#### WHAT YOU ARE ASKED TO DO
The lines to copy from the data below are those that hold the string "entries".
========
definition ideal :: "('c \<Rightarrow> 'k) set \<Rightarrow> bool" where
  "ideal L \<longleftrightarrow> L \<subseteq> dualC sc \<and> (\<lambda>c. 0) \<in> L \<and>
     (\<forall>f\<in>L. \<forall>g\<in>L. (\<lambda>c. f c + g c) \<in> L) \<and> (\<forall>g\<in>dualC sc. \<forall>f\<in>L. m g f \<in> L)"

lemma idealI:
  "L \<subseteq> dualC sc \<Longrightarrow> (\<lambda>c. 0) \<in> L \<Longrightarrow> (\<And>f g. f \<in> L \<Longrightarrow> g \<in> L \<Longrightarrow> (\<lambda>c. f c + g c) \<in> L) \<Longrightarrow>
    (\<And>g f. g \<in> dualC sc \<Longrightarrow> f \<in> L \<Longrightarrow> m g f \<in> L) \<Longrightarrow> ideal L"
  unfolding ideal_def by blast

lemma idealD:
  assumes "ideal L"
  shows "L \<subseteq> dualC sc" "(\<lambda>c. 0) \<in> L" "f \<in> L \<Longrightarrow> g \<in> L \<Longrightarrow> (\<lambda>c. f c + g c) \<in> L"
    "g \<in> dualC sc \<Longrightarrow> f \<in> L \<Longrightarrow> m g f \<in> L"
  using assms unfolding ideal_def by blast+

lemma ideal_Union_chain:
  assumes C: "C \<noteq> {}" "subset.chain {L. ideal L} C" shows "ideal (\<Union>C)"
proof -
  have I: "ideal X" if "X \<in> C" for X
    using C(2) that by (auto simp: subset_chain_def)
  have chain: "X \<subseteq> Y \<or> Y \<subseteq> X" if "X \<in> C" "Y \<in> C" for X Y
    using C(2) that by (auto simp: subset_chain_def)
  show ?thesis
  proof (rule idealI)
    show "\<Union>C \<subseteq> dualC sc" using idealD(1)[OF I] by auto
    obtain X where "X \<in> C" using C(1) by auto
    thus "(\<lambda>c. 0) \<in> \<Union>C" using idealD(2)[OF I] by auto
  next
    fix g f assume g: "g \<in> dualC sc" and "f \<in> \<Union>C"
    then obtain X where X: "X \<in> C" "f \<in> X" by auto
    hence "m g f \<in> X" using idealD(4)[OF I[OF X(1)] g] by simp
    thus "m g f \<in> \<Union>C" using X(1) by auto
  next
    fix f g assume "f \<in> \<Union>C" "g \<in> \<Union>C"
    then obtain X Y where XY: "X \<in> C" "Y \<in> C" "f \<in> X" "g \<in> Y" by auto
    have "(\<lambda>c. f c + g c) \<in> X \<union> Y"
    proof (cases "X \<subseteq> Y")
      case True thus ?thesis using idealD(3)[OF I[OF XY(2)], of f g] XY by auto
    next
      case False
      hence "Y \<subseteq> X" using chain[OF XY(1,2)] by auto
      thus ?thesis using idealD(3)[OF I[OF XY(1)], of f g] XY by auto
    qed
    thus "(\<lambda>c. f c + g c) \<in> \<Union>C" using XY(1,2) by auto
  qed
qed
========
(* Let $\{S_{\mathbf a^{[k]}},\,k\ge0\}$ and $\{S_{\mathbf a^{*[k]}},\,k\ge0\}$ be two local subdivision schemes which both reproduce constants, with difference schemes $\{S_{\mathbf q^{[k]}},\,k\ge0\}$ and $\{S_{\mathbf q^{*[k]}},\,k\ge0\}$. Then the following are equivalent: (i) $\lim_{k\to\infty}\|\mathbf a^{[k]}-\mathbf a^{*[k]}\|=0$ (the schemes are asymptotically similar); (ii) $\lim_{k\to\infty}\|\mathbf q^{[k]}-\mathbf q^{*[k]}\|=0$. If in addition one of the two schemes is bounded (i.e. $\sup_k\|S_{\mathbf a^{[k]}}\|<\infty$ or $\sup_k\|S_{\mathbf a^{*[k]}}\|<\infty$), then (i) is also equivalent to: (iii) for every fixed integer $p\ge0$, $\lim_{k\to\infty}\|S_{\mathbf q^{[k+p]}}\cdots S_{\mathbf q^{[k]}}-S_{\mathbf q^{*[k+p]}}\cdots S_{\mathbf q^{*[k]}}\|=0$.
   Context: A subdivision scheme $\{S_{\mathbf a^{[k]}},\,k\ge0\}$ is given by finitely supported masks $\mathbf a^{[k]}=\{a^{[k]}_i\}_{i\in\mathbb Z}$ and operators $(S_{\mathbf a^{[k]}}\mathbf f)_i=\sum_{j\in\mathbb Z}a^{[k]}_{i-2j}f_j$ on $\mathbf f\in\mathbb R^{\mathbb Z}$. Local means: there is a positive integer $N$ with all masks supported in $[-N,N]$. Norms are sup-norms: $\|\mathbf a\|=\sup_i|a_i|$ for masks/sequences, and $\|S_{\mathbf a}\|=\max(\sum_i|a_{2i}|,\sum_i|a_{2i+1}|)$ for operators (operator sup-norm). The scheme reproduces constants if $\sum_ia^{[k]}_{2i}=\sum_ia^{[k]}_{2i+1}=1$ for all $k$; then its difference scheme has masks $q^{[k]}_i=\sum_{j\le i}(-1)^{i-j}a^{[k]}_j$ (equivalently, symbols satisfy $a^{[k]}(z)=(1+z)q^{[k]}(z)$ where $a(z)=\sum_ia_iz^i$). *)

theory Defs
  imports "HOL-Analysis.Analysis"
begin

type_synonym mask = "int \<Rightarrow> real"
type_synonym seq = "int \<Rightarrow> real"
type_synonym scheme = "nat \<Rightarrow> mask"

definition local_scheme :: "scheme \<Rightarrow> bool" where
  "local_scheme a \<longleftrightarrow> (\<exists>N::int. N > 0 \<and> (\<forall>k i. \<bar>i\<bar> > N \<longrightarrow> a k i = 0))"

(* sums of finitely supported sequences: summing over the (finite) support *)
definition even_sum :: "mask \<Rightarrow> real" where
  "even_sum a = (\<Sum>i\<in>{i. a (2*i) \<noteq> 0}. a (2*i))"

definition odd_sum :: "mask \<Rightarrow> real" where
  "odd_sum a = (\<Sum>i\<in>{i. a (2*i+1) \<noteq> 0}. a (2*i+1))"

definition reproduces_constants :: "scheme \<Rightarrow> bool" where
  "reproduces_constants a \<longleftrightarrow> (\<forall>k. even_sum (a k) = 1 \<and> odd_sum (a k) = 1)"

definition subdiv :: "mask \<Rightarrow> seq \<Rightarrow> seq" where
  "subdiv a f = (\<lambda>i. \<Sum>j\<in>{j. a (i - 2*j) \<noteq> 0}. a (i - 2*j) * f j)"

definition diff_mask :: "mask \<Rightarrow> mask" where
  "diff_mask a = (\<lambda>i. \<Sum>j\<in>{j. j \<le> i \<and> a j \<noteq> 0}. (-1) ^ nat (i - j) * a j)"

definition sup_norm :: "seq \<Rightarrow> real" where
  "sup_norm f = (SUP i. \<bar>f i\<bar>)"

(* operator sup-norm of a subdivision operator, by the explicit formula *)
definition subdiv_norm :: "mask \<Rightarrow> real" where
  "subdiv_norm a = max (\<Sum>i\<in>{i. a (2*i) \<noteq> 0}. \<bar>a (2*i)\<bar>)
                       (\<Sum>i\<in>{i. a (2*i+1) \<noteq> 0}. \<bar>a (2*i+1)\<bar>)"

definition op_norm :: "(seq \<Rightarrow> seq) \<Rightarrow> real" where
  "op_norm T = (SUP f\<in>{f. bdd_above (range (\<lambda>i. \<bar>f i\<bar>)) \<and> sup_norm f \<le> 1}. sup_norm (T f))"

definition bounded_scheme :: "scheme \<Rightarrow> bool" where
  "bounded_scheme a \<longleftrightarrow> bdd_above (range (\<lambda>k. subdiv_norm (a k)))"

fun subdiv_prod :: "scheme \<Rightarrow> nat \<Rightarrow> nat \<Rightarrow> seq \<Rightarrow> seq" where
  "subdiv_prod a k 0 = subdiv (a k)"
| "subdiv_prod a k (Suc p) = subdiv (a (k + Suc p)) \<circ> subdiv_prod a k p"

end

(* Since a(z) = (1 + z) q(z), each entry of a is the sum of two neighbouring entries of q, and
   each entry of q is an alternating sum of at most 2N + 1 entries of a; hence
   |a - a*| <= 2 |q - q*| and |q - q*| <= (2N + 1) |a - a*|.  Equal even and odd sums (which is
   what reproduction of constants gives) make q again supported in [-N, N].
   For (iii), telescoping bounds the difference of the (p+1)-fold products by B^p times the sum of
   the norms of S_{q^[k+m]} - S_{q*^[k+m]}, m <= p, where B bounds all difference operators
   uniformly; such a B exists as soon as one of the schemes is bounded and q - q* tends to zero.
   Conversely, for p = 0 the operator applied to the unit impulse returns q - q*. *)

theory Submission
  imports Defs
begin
========
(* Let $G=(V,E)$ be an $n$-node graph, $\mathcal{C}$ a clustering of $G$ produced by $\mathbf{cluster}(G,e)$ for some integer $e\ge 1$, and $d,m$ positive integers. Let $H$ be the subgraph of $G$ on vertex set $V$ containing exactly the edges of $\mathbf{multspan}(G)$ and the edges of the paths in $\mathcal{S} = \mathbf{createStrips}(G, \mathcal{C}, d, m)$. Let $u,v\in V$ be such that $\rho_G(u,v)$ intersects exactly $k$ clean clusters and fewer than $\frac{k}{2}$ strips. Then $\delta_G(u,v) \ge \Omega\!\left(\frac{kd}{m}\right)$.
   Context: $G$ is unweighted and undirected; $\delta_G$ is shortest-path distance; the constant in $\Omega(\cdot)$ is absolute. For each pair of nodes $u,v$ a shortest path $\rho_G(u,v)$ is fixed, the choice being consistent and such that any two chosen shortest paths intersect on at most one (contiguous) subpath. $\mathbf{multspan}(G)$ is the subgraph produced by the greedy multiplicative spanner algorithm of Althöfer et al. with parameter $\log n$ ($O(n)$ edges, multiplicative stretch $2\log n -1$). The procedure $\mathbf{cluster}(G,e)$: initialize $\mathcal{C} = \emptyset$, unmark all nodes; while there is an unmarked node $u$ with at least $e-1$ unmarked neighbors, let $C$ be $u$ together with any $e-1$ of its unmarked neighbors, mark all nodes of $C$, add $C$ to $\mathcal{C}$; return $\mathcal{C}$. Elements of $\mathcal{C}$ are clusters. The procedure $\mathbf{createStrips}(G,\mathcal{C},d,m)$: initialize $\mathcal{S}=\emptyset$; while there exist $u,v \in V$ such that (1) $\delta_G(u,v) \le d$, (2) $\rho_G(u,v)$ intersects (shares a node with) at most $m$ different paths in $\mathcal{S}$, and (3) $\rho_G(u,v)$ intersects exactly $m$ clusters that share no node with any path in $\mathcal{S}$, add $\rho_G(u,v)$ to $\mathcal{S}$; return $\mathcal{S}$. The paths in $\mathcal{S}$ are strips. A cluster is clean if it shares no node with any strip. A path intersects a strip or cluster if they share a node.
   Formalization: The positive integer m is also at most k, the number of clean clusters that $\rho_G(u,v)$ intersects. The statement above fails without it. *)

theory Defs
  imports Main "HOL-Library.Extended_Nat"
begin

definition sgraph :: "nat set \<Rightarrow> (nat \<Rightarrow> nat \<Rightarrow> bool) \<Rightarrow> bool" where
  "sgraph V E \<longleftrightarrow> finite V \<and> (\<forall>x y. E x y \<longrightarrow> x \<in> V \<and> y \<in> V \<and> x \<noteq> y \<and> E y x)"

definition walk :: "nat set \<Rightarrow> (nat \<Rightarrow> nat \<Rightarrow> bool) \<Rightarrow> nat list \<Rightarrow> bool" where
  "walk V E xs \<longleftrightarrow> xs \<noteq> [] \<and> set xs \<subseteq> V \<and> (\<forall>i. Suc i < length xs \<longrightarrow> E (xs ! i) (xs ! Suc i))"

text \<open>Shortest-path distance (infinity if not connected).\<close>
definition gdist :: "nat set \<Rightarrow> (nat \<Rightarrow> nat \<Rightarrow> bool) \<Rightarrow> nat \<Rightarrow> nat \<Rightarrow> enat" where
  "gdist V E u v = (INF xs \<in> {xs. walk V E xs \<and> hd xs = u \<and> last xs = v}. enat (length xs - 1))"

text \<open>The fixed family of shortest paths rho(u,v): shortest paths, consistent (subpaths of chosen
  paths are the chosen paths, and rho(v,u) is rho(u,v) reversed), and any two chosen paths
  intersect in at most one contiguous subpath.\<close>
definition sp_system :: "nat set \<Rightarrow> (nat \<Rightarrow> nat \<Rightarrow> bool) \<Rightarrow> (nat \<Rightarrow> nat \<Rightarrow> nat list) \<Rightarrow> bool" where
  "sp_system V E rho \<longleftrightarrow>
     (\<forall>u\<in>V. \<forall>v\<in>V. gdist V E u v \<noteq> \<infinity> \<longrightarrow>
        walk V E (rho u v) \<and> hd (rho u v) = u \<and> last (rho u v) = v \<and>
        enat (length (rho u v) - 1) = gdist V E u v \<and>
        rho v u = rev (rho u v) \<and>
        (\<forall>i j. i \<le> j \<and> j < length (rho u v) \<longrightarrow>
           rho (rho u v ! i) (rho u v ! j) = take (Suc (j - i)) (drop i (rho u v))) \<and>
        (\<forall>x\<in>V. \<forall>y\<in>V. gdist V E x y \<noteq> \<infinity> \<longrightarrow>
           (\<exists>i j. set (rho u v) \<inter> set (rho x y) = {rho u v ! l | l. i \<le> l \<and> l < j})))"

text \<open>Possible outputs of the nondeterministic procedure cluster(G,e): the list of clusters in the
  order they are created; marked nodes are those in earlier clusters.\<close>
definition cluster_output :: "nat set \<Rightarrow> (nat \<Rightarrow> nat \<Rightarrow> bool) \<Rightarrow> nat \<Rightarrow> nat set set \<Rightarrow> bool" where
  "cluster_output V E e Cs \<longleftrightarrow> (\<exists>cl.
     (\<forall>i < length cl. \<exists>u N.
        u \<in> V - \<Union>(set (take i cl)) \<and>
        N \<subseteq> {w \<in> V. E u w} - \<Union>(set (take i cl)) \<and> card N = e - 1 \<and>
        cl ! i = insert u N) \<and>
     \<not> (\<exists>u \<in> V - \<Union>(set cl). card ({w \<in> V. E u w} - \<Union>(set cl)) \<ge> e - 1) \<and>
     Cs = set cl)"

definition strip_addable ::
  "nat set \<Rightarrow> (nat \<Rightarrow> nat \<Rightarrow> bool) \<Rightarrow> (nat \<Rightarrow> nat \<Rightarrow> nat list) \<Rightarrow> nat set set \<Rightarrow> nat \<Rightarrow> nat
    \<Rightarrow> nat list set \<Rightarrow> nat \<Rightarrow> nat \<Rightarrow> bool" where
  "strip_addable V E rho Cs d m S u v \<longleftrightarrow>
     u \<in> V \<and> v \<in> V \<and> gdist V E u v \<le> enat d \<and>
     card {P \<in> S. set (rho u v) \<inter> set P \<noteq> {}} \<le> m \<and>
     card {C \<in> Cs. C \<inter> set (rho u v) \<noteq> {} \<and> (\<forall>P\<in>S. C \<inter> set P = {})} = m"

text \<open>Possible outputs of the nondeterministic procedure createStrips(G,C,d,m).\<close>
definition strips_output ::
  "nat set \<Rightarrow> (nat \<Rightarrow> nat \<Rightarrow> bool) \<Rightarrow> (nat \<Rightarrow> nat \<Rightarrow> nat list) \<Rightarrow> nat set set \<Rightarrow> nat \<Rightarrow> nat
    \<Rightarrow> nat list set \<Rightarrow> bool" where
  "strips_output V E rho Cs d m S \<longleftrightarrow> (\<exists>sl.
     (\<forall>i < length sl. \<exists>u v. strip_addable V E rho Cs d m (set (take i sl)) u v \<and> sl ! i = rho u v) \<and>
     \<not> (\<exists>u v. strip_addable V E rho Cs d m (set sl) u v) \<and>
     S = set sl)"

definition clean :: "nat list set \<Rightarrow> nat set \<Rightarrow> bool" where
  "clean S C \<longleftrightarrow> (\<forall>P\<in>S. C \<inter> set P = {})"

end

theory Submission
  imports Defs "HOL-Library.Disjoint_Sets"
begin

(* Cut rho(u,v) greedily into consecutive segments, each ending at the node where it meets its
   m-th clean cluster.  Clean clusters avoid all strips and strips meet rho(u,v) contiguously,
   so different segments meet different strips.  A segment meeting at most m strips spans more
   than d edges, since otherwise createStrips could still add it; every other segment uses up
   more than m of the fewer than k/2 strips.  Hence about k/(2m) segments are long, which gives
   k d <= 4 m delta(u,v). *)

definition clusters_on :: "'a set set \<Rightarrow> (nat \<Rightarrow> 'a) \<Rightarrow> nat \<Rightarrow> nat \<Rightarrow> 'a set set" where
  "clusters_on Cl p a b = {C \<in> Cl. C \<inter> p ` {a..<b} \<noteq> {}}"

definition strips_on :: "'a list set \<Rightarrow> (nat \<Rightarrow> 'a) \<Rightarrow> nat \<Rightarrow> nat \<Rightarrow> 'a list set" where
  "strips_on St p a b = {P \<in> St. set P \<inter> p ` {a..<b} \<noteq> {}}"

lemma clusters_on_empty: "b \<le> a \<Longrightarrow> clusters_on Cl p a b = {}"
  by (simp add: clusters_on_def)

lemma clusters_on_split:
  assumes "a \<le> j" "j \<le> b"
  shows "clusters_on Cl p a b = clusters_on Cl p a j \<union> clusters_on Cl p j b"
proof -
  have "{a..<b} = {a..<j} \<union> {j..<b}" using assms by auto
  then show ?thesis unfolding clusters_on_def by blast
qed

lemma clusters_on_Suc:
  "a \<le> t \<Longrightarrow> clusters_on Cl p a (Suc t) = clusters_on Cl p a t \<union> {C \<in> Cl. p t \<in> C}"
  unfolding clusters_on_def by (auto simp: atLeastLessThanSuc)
========
#### OUTPUT FOR THIS TASK
(* Since a(z) = (1 + z) q(z), each entry of a is the sum of two neighbouring entries of q, and
   each entry of q is an alternating sum of at most 2N + 1 entries of a; hence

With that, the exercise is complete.